There are many many transactions. Typically, you might see many concurrent transactions using the same undo segment - just because there are more transactions than undo segments.


Data in undo is managed in blocks, the blocks are managed in extents, an undo segment, much like a table, has many extents and each extent has many blocks.


The undo segment itself employs a circular buffer. We start at say "block 1" in extent 1, and fill up extent 1 and then go onto extent 2 (undo segments always have at least two extents). When we fill up extent 2 - we would normally try to advance into extent 1 again and overwrite it. We will do this (overwrite the data in extent 1) IF and ONLY IF:

a) there are no active transactions still using extent 1, if there are - we CANNOT advance into it.

b) the data in extent 1 is older than the undo retention period. That is, if you set undo retention to 1 hour - and the data in extent 1 was generated 30 minutes ago, we will NOT advance into extent 1.


If we do not advance into extent 1, we'll add a new extent 3 to this undo segment and advance into that - we won't overwrite anything.


A caveat: if the undo in extent 1 is say 30 minutes old and your undo retention is 60 minutes - we don't want to advance into that extent - but we MIGHT. If the undo tablespace is 100% full and we cannot grow it dynamically (no autoextending allowed) and we cannot 'steal' an old extent from some other undo segment that doens't need it anymore - we'll be forced to go into extent 1 and prematurely expire some undo (assuming no active transactions are using extent 1 - we simply cannot advance into extent 1 if that were true).





It sounds like, if you are getting ora-1555, you either:

a) have undo retention set too low, it needs to be set longer than your longest running query.

b) do not have sufficient undo allocated

(v$undo_stat can be used to determine if (a) and/or (b) are the case)

c) you might be running into delayed block cleanout - we'd need to understand your processing better to answer that.


I typically guess (a) and (b) as many people go "skimpy" on undo for some reason.

James Smyth, May 02, 2011 - 7:21 pm UTC

Tom,

In b) of your answer below, did you really mean to say that it will not re-use the extent if the data there is older than the undo retention period??

Thanks,

[Tom said]The undo segment itself employs a circular buffer.
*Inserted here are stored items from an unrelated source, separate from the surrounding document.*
lemma sum_Basis_integral_inner_square_div_norm_square:
  "(\<Sum>b\<in>Basis. integral (ball 0 R) (\<lambda>x::'a::euclidean_space. (b \<bullet> x)\<^sup>2 / (norm x)\<^sup>2))
     = measure lborel (ball (0::'a) R)"
proof -
  have "(\<Sum>b\<in>Basis. integral (ball 0 R) (\<lambda>x::'a. (b \<bullet> x)\<^sup>2 / (norm x)\<^sup>2))
      = integral (ball 0 R) (\<lambda>x::'a. \<Sum>b\<in>Basis. (b \<bullet> x)\<^sup>2 / (norm x)\<^sup>2)"
    by (rule integral_sum[symmetric])
      (auto intro: integrable_on_ball_inner_Basis_square_div_norm_square)
  also have "\<dots> = integral (ball 0 R) (\<lambda>x::'a. 1::real)"
  proof (rule integral_spike[of "{0}"], simp)
    fix x :: 'a assume "x \<in> ball 0 R - {0}"
    moreover have "(\<Sum>b\<in>Basis. (b \<bullet> x)\<^sup>2) = (norm x)\<^sup>2"
      by (simp only: power2_norm_eq_inner euclidean_inner[of x x])
        (simp add: power2_eq_square inner_commute)
    ultimately show "1 = (\<Sum>b\<in>Basis. (b \<bullet> x)\<^sup>2 / (norm x)\<^sup>2)"
      by (simp add: sum_divide_distrib[symmetric])
  qed
  also have "\<dots> = measure lborel (ball (0::'a) R)"
    using lmeasure_integral[of "ball (0::'a) R"] measure_completion[of "ball (0::'a) R" lborel]
    by simp
  finally show ?thesis .
qed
We start at say "block 1" in extent 1, and fill up extent 1 and then go onto extent 2 (undo segments always have at least two extents). When we fill up extent 2 - we would normally try to advance into extent 1 again and overwrite it. We will do this (overwrite the data in extent 1) IF and ONLY IF:

a) there are no active transactions still using extent 1, if there are - we CANNOT advance into it.

b) the data in extent 1 is older than the undo retention period. That is, if you set undo retention to 1 hour - and the data in extent 1 was generated 30 minutes ago, we will NOT advance into extent 1. [/Tom said]
Tom Kyte
May 04, 2011 - 12:15 pm UTC

Yes, I meant to say that.

I was saying - we move into extent 1 again IF and ONLY IF these two things are true:

a) there are no active transactions
b) the data in extent 1 is older than the undo retention period.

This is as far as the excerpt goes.